How are students supposed to feel safe and welcome when their own Dean of Students and her office seems to have preferenced retroactive punishment over concerns for safety?
We believe that the failure to communicate expectations to students has eroded the “safe and welcoming community” that the Dean of Students speaks of. There exists a grey area between policy and practice—written and enforced. Few students clearly understand what events the administration will take seriously.
Students of all ages, for example, generally can avoid punishment by drinking from a “red cup” in transport, despite the fact it is technically against policy for students to drink under the age of 21 or in public. The policy exists only as the administration and RAs let it slide. Instances like these give the Dean of Students an enormous amount of power over the student body.
The policy is written strictly, but because it is not typically enforced strictly, the administration has quite a bit of leeway to pick and choose which cases to aggressively pursue. Without a clear understanding of the administration’s expectations, as was the case with Scavvy, we believe a culture of distrust begins to emerge.

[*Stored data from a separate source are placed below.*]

lemma exists_covering_proper_colourings:
  assumes "simple_graph V E" "1 \<le> k" "degenerate k V E" "card V = n"
    and "8.317 * k * log 2 n \<le> l"
  shows "\<exists>cs. length cs = l \<and> (\<forall>c\<in>set cs. proper_colouring V E c) \<and>
           (\<forall>u\<in>V. \<forall>v\<in>V. u \<noteq> v \<and> \<not> E u v \<longrightarrow> (\<exists>c\<in>set cs. c u = c v))"
proof -
  have "finite V" and "\<And>u v. E u v \<Longrightarrow> E v u" and "\<And>v. \<not> E v v"
    using assms(1) by (auto simp: simple_graph_def)
  then interpret greedy_colouring E k "num_colours k"
    using num_colours_gt[OF assms(2)] by unfold_locales auto
  obtain ws where ws: "set ws = V" "degenerate_list k E ws"
    using degenerate_imp_degenerate_list[OF assms(3)] .
  define p where "p = collision_bound k"
  define P where "P = {(u, v) \<in> V \<times> V. u \<noteq> v \<and> \<not> E u v}"
  have finite_P: "finite P"
    using \<open>finite V\<close> by (auto simp: P_def intro: finite_subset[of _ "V \<times> V"])
  have collision: "p \<le> measure_pmf.prob (random_colouring ws) {c. c (fst x) = c (snd x)}"
    if "x \<in> P" for x
    using that ws collision_prob_ge[of ws "fst x" "snd x"]
    by (auto simp: P_def p_def collision_bound_def)
  have "p \<le> 1"
    using collision_bound_less_1[OF assms(2)] by (simp add: p_def)
  obtain cs where cs: "length cs = l" "set cs \<subseteq> set_pmf (random_colouring ws)"
    and uncovered: "card {x\<in>P. \<forall>c\<in>set cs. c \<notin> {c. c (fst x) = c (snd x)}} \<le> (1 - p) ^ l * card P"
    using exists_samples_few_failures[where A="\<lambda>x. {c. c (fst x) = c (snd x)}" and t=l,
        OF finite_P collision \<open>p \<le> 1\<close>]
    by auto
  have "(1 - p) ^ l * card P < 1"
    unfolding p_def using assms(2,4,5) \<open>finite V\<close>
    by (intro power_collision_bound_mult_card_less_1) (auto simp: P_def)
  with uncovered have "card {x\<in>P. \<forall>c\<in>set cs. c (fst x) \<noteq> c (snd x)} = 0"
    by simp
  with finite_P have "{x\<in>P. \<forall>c\<in>set cs. c (fst x) \<noteq> c (snd x)} = {}"
    by simp
  moreover have "proper_colouring V E c" if "c \<in> set cs" for c
    using that cs(2) ws random_colouring_proper by (auto simp: proper_colouring_def)
  ultimately show ?thesis
    using cs(1) by (auto simp: P_def)
qed

theorem theorem3:
  fixes V :: "'a set" and E :: "'a \<Rightarrow> 'a \<Rightarrow> bool" and k n :: nat
  assumes "simple_graph V E"
    and "k \<ge> 1"
    and "degenerate k V E"
    and "card V = n" and "n \<ge> 1"
  shows "int (pdim V E) \<le> \<lceil>8.317 * real k * log 2 (real n)\<rceil> + 1"
proof -
  define l where "l = nat \<lceil>8.317 * real k * log 2 (real n)\<rceil>"
  have "0 \<le> 8.317 * real k * log 2 (real n)"
    using assms(5) by simp
  then have l: "int l = \<lceil>8.317 * real k * log 2 (real n)\<rceil>" "8.317 * real k * log 2 (real n) \<le> l"
    unfolding l_def by (simp_all add: of_nat_nat)
  obtain cs where cs: "length cs = l" "\<forall>c\<in>set cs. proper_colouring V E c"
    "\<forall>u\<in>V. \<forall>v\<in>V. u \<noteq> v \<and> \<not> E u v \<longrightarrow> (\<exists>c\<in>set cs. c u = c v)"
    using exists_covering_proper_colourings[OF assms(1-4) l(2)] by metis
  have "\<exists>\<phi>. encoding (l + 1) V E \<phi>"
    using encoding_of_colourings[OF assms(1) cs(2,3)] unfolding cs(1) .
  then have "pdim V E \<le> l + 1"
    unfolding pdim_def by (rule Least_le)
  then show ?thesis
    using l(1) by simp
qed

end
lemma tame_bernoulli_eq_fps_nth:
  fixes F \<phi> :: "complex \<Rightarrow> complex"
  assumes "R > 0" and holo: "\<phi> holomorphic_on ball 0 R"
    and \<phi>: "\<And>u. 0 < norm u \<Longrightarrow> norm u < R \<Longrightarrow> \<phi> u = (- u) ^ \<mu> * F (exp u)"
  shows "tame_bernoulli F \<mu> k t = fact k * (fps_expansion \<phi> 0 * fps_exp t) $ k"
proof -
  define \<psi> where "\<psi> u = \<phi> u * exp (t * u)" for u
  define \<Psi> where "\<Psi> = fps_expansion \<phi> 0 * fps_exp t"
  have \<Psi>: "\<psi> has_fps_expansion \<Psi>"
    unfolding \<psi>_def[abs_def] \<Psi>_def using \<open>R > 0\<close> holo
    by (intro has_fps_expansion_mult has_fps_expansion_exp has_fps_expansion_fps_expansion) auto
  have "\<psi> holomorphic_on ball 0 R"
    unfolding \<psi>_def[abs_def] by (intro holomorphic_intros holo)
  hence sums: "(\<lambda>k. \<Psi> $ k * u ^ k) sums \<psi> u" if "norm u < R" for u
    using has_fps_expansion_imp_sums_complex[OF \<Psi>, of "ereal R" u] that by simp
  let ?generates = "\<lambda>B r. r > 0 \<and> (\<forall>u. 0 < norm u \<and> norm u < r \<longrightarrow>
        (\<lambda>k. B k * u ^ k / fact k) sums ((- u) ^ \<mu> * F (exp u) * exp (t * u)))"
  have "?generates (\<lambda>k. fact k * \<Psi> $ k) R"
    using \<open>R > 0\<close> sums by (auto simp: \<psi>_def \<phi>[symmetric])
  moreover have "B = (\<lambda>k. fact k * \<Psi> $ k)" if "?generates B r" for B r
  proof -
    have "Abs_fps (\<lambda>k. B k / fact k) = \<Psi>"
    proof (rule fps_eqI_sums_punctured[OF \<Psi>, of "min r R"])
      show "min r R > 0" using that \<open>R > 0\<close> by simp
      show "(\<lambda>k. Abs_fps (\<lambda>k. B k / fact k) $ k * u ^ k) sums \<psi> u"
        if "0 < norm u" "norm u < min r R" for u
        using \<open>?generates B r\<close> \<phi>[of u] that by (simp add: \<psi>_def)
    qed
    thus ?thesis by (auto simp: fps_eq_iff field_simps)
  qed
  ultimately have "(THE B. \<exists>r. ?generates B r) = (\<lambda>k. fact k * \<Psi> $ k)"
    by (intro the_equality) blast+
  thus ?thesis by (simp add: tame_bernoulli_def \<Psi>_def)
qed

The fact that the Dean of Students went to such great lengths to punish students is also a major concern. As detailed above, the Dean of Students’ Office used various methods to gather evidence in sanctioning students. One of these was checking charges to the Coop Store and Fountain the night of the event. It is not unprecedented for the Dean of Students’ Office to check swipe records in instances of theft and vandalism, but a very important distinction must be drawn between checking these private records for criminal activity and checking them for evidence in [relatively] petty cases of alcohol policy violation. At what point is the Dean of Students’ Office invading our privacy? How far will they go? And in what instances? There is also no indication that private records like these were merely used to corroborate other existing evidence. Instead, the swipe records appear to have been a source for establishing the evidence itself.

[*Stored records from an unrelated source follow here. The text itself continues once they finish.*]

(* Let $l\ge4$. In the simple vertex operator algebra $L_{B_l}(-l+\tfrac32,0)$ the following relation holds: $$(2l-1)\sum_{i=1}^l\big(e_{\epsilon_i}(-1)f_{\epsilon_i}(-1)+f_{\epsilon_i}(-1)e_{\epsilon_i}(-1)\big)\mathbf 1=4\sum_{\alpha\in\Delta^+_{D_l}}\big(e_\alpha(-1)f_\alpha(-1)+f_\alpha(-1)e_\alpha(-1)\big)\mathbf 1+\sum_{i=1}^lh_{\epsilon_i}(-1)^2\mathbf 1.$$
   Context: Setup: for $l\ge4$ let $Cliff(A)$ be the Clifford algebra on $A=\bigoplus_{i=1}^l(\mathbb C a_i\oplus\mathbb C a_i^* )$ with $[a_i,a_j]_+=[a_i^*,a_j^*]_+=0$, $[a_i,a_j^*]_+=\delta_{ij}$; put $:xy:=\tfrac12(xy-yx)$. The span of all $:xy:$ is $\mathfrak g_{D_l}$, and $\mathfrak g_{B_l}=\mathfrak g_{D_l}\oplus A$ is the simple Lie algebra of type $B_l$, with Cartan subalgebra spanned by $H_i=:a_ia_i^*:$, $\epsilon_i(H_j)=\delta_{ij}$. Positive roots: $\Delta^+_{D_l}=\{\epsilon_i\pm\epsilon_j:i<j\}$, and $\Delta^+_{B_l}=\Delta^+_{D_l}\cup\{\epsilon_i\}$; the short positive roots (squared length 1, with long roots of squared length 2) are the $\epsilon_i$. Root vectors ($i<j$): $e_{\epsilon_i-\epsilon_j}=:a_ia_j^*:$, $e_{\epsilon_i+\epsilon_j}=:a_ia_j:$, $f_{\epsilon_i-\epsilon_j}=:a_ja_i^*:$, $f_{\epsilon_i+\epsilon_j}=:a_j^*a_i^*:$, $e_{\epsilon_i}=a_i$, $f_{\epsilon_i}=a_i^*$; $h_\alpha=[e_\alpha,f_\alpha]$, so $h_{\epsilon_i}=2H_i$. $\hat{\mathfrak g}_{B_l}=\mathfrak g_{B_l}\otimes\mathbb C[t,t^{-1}]\oplus\mathbb Cc$, $x(n)=x\otimes t^n$; $L_{B_l}(k,0)$ is the simple quotient of the level-$k$ vacuum generalized Verma module $N_{B_l}(k,0)$ (vacuum vector $\mathbf 1$), and the displayed vectors denote their images in $L_{B_l}(k,0)$. *)

theory Defs
  imports Complex_Main
begin

text \<open>Index set of the (2l+1)-dimensional space: a_i (P i), a_i^* (M i), and an
  extra vector e0 (Z).  The symmetric form has (a_i,a_j^*) = delta_ij as in
  the Clifford algebra and (e0,e0) = -2.  The Lie algebra g_{B_l} is realised as
  the B-antisymmetric matrices (i.e. so(2l+1)); the element :xy: of g_{D_l} is
  realised as its adjoint action on A, z |-> x(y,z) - (x,z)y, which is
  wedge x y, and the element x in A is realised as wedge e0 x.  With these
  choices the brackets agree with those of the paper ([x,y] = 2:xy: for x,y in A).\<close>

datatype ix = Z | P nat | M nat

type_synonym vec = "ix \<Rightarrow> complex"
type_synonym mat = "ix \<Rightarrow> ix \<Rightarrow> complex"

definition Jl :: "nat \<Rightarrow> ix set" where
  "Jl l = {Z} \<union> P ` {1..l} \<union> M ` {1..l}"

definition Bm :: "ix \<Rightarrow> ix \<Rightarrow> complex" where
  "Bm p q = (case (p, q) of
      (P i, M j) \<Rightarrow> (if i = j then 1 else 0)
    | (M i, P j) \<Rightarrow> (if i = j then 1 else 0)
    | (Z, Z) \<Rightarrow> -2
    | _ \<Rightarrow> 0)"

definition ub :: "ix \<Rightarrow> vec" where
  "ub p = (\<lambda>q. if q = p then 1 else 0)"

definition mmul :: "nat \<Rightarrow> mat \<Rightarrow> mat \<Rightarrow> mat" where
  "mmul l X Y = (\<lambda>p q. \<Sum>r\<in>Jl l. X p r * Y r q)"

definition comm :: "nat \<Rightarrow> mat \<Rightarrow> mat \<Rightarrow> mat" where
  "comm l X Y = (\<lambda>p q. mmul l X Y p q - mmul l Y X p q)"

definition mlin :: "complex \<Rightarrow> mat \<Rightarrow> complex \<Rightarrow> mat \<Rightarrow> mat" where
  "mlin a X b Y = (\<lambda>p q. a * X p q + b * Y p q)"

text \<open>Normalized invariant form: (x,y) = tr(xy)/2 in the vector representation,
  so that long roots have squared length 2.\<close>
definition nform :: "nat \<Rightarrow> mat \<Rightarrow> mat \<Rightarrow> complex" where
  "nform l X Y = (\<Sum>p\<in>Jl l. mmul l X Y p p) / 2"

definition gB :: "nat \<Rightarrow> mat set" where
  "gB l = {X. (\<forall>p q. (p \<notin> Jl l \<or> q \<notin> Jl l) \<longrightarrow> X p q = 0) \<and>
     (\<forall>p\<in>Jl l. \<forall>q\<in>Jl l. (\<Sum>r\<in>Jl l. X r p * Bm r q) + (\<Sum>r\<in>Jl l. Bm p r * X r q) = 0)}"

definition wedge :: "nat \<Rightarrow> vec \<Rightarrow> vec \<Rightarrow> mat" where
  "wedge l x y = (\<lambda>p q. x p * (\<Sum>r\<in>Jl l. y r * Bm r q) - y p * (\<Sum>r\<in>Jl l. x r * Bm r q))"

An even more complex issue arises with the use of Coop charges as explicit evidence that students participated in a drinking game. Substantial room for error arises out of a practice like this. Consider one student that was working at the Fountain that night. Out of goodwill, they charged $.47 to their card for another student that had forgotten their ID. The Fountain employee was fined as a participant in a drinking game. While the sanction was eventually dropped, it was only done so with hesitation and only after the employee had proven that they had been working that night. As with any other case concerning store logs, it appears that the Dean of Students presumed the students guilt before innocence, which we find troubling.

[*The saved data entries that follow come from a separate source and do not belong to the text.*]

(* For $1\le\ell\le r$ let \[ F_\ell(n)=z_\ell^n\prod_{\nu=1}^{m_\ell}(a_{\ell,\nu}n+b_{\ell,\nu})^{q_{\ell,\nu}}\prod_{j=1}^{h_\ell}\mathcal G_{\Gamma_{\ell,j}}(n)^{e_{\ell,j}}, \] with $z_\ell,a_{\ell,\nu},b_{\ell,\nu},q_{\ell,\nu}\in\mathbb C$, $e_{\ell,j}\in\mathbb Z_{\ge0}$ and words $\Gamma_{\ell,j}$ in affine letters, where the affine factors are nonzero on the relevant positive integers and branches for all complex powers are fixed. Then for every positive integer $k$, \[ \sum_{n_r=1}^{k}\sum_{n_{r-1}=1}^{n_r}\cdots\sum_{n_1=1}^{n_2}\prod_{\ell=1}^{r}F_\ell(n_\ell)\in\operatorname{span}_{\mathbb C}\{\mathcal G_\Gamma(k)\}_\Gamma, \] where $\Gamma$ ranges over words in affine letters.
   Context: An affine letter is a triple $L=(\boldsymbol\rho,\sigma,\mathbf A)$ with $\boldsymbol\rho=(\rho_1,\ldots,\rho_t)\in\mathbb C^t$, $\sigma\in\mathbb C$, $\mathbf A=((a_1,b_1),\ldots,(a_t,b_t))$, $a_\nu,b_\nu\in\mathbb C$; its value at a positive integer $n$ is $L(n)=\sigma^n\prod_{\nu}(a_\nu n+b_\nu)^{-\rho_\nu}$ (branches fixed, factors nonzero on the relevant range). For a word $\Gamma=(L_1,\ldots,L_d)$ of affine letters, $\mathcal G_\Gamma(N)=\sum_{N\ge n_1>\cdots>n_d\ge1}\prod_jL_j(n_j)$, $\mathcal G_\emptyset(N)=1$. *)

theory Defs
  imports "HOL-Analysis.Analysis"
begin

(* An affine letter L = (rho, sigma, A) with rho = (rho_1..rho_t), A = ((a_1,b_1)..(a_t,b_t)).
   Complex powers use the principal branch (Isabelle's complex powr). *)
type_synonym letter = "complex list \<times> complex \<times> (complex \<times> complex) list"

definition lrho :: "letter \<Rightarrow> complex list" where "lrho L = fst L"
definition lsigma :: "letter \<Rightarrow> complex" where "lsigma L = fst (snd L)"
definition lA :: "letter \<Rightarrow> (complex \<times> complex) list" where "lA L = snd (snd L)"

definition letter_val :: "letter \<Rightarrow> nat \<Rightarrow> complex" where
  "letter_val L n = lsigma L ^ n * (\<Prod>\<nu><length (lrho L).
        (fst (lA L ! \<nu>) * of_nat n + snd (lA L ! \<nu>)) powr (- (lrho L ! \<nu>)))"

definition wf_letter :: "letter \<Rightarrow> bool" where
  "wf_letter L = (length (lrho L) = length (lA L) \<and>
     (\<forall>n::nat. n \<ge> 1 \<longrightarrow> (\<forall>p\<in>set (lA L). fst p * of_nat n + snd p \<noteq> 0)))"

definition wf_word :: "letter list \<Rightarrow> bool" where
  "wf_word \<Gamma> = (\<forall>L\<in>set \<Gamma>. wf_letter L)"

definition G :: "letter list \<Rightarrow> nat \<Rightarrow> complex" where
  "G \<Gamma> N = (\<Sum>ns \<in> {ns. length ns = length \<Gamma> \<and> sorted_wrt (>) ns \<and> set ns \<subseteq> {1..N}}.
      \<Prod>j<length \<Gamma>. letter_val (\<Gamma> ! j) (ns ! j))"

(* A factor F(n) = z^n * prod_nu (a_nu n + b_nu)^(q_nu) * prod_j G_{Gamma_j}(n)^(e_j),
   given as (z, [(a_nu,b_nu,q_nu)], [(Gamma_j, e_j)]). *)
type_synonym factor = "complex \<times> (complex \<times> complex \<times> complex) list \<times> (letter list \<times> nat) list"

definition fz :: "factor \<Rightarrow> complex" where "fz F = fst F"
definition fabq :: "factor \<Rightarrow> (complex \<times> complex \<times> complex) list" where "fabq F = fst (snd F)"
definition fge :: "factor \<Rightarrow> (letter list \<times> nat) list" where "fge F = snd (snd F)"

definition factor_val :: "factor \<Rightarrow> nat \<Rightarrow> complex" where
  "factor_val F n = fz F ^ n
     * (\<Prod>\<nu><length (fabq F). (fst (fabq F ! \<nu>) * of_nat n + fst (snd (fabq F ! \<nu>)))
                                   powr (snd (snd (fabq F ! \<nu>))))
     * (\<Prod>j<length (fge F). G (fst (fge F ! j)) n ^ snd (fge F ! j))"

definition wf_factor :: "factor \<Rightarrow> bool" where
  "wf_factor F =
     ((\<forall>n::nat. n \<ge> 1 \<longrightarrow> (\<forall>p\<in>set (fabq F). fst p * of_nat n + fst (snd p) \<noteq> 0)) \<and>
      (\<forall>ge\<in>set (fge F). wf_word (fst ge)))"

(* sum_{n_r=1}^k sum_{n_{r-1}=1}^{n_r} ... sum_{n_1=1}^{n_2} prod_l F_l(n_l),
   with ns ! (l-1) = n_l, i.e. 1 <= n_1 <= ... <= n_r <= k *)
definition nested_sum :: "factor list \<Rightarrow> nat \<Rightarrow> complex" where
  "nested_sum Fs k = (\<Sum>ns \<in> {ns. length ns = length Fs \<and> sorted ns \<and> set ns \<subseteq> {1..k}}.
      \<Prod>l<length Fs. factor_val (Fs ! l) (ns ! l))"

end

theory Submission
  imports Defs
begin

(* Peeling off the outermost summation, a nested sum with factors F_1, ..., F_r is
   sum_{n<=k} F_r(n) S(n) with S the nested sum of F_1, ..., F_{r-1}; and F_r(n) is an affine
   letter value times a product of powers of G's.  So it suffices that the span of the G_Gamma
   is closed under two operations.  Multiplication by G_D: expanding G_{A D} G_{B E} by the
   largest index gives the stuffle recursion, three strict partial sums of products of shorter
   words.  Partial summation g |-> sum_{n<=k} L(n) g(n): for g = G_{M Gamma} the range
   n >= n_1 splits into n > n_1, giving G_{L M Gamma}, and n = n_1, giving G_{(LM) Gamma} for
   the merged letter LM, since L(n) M(n) is again the value of an affine letter. *)

lemma prod_lessThan_add:
  fixes g :: "nat \<Rightarrow> 'a::comm_monoid_mult"
  shows "(\<Prod>i<m + k. g i) = (\<Prod>i<m. g i) * (\<Prod>i<k. g (m + i))"
  by (induct k) (simp_all add: mult.assoc)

We hope that Dean of Students and her office will more thoroughly consider the implications of such divisive action, particularly with regard to the “safe and welcoming community” that they seek. Further, we insist that the Dean of Students’ Office provide a much more open dialogue concerning its expectations, particularly with regard to events that it finds dangerous enough to pursue with post-facto investigations seeking to punish student participants. Furthermore, students have a right to know what constitutes their privacy on campus. We realize that this could simply be an isolated incident, but now that the administration opened Pandora’s box, it must consider what procedural precedent it wants to set and inform the students accordingly.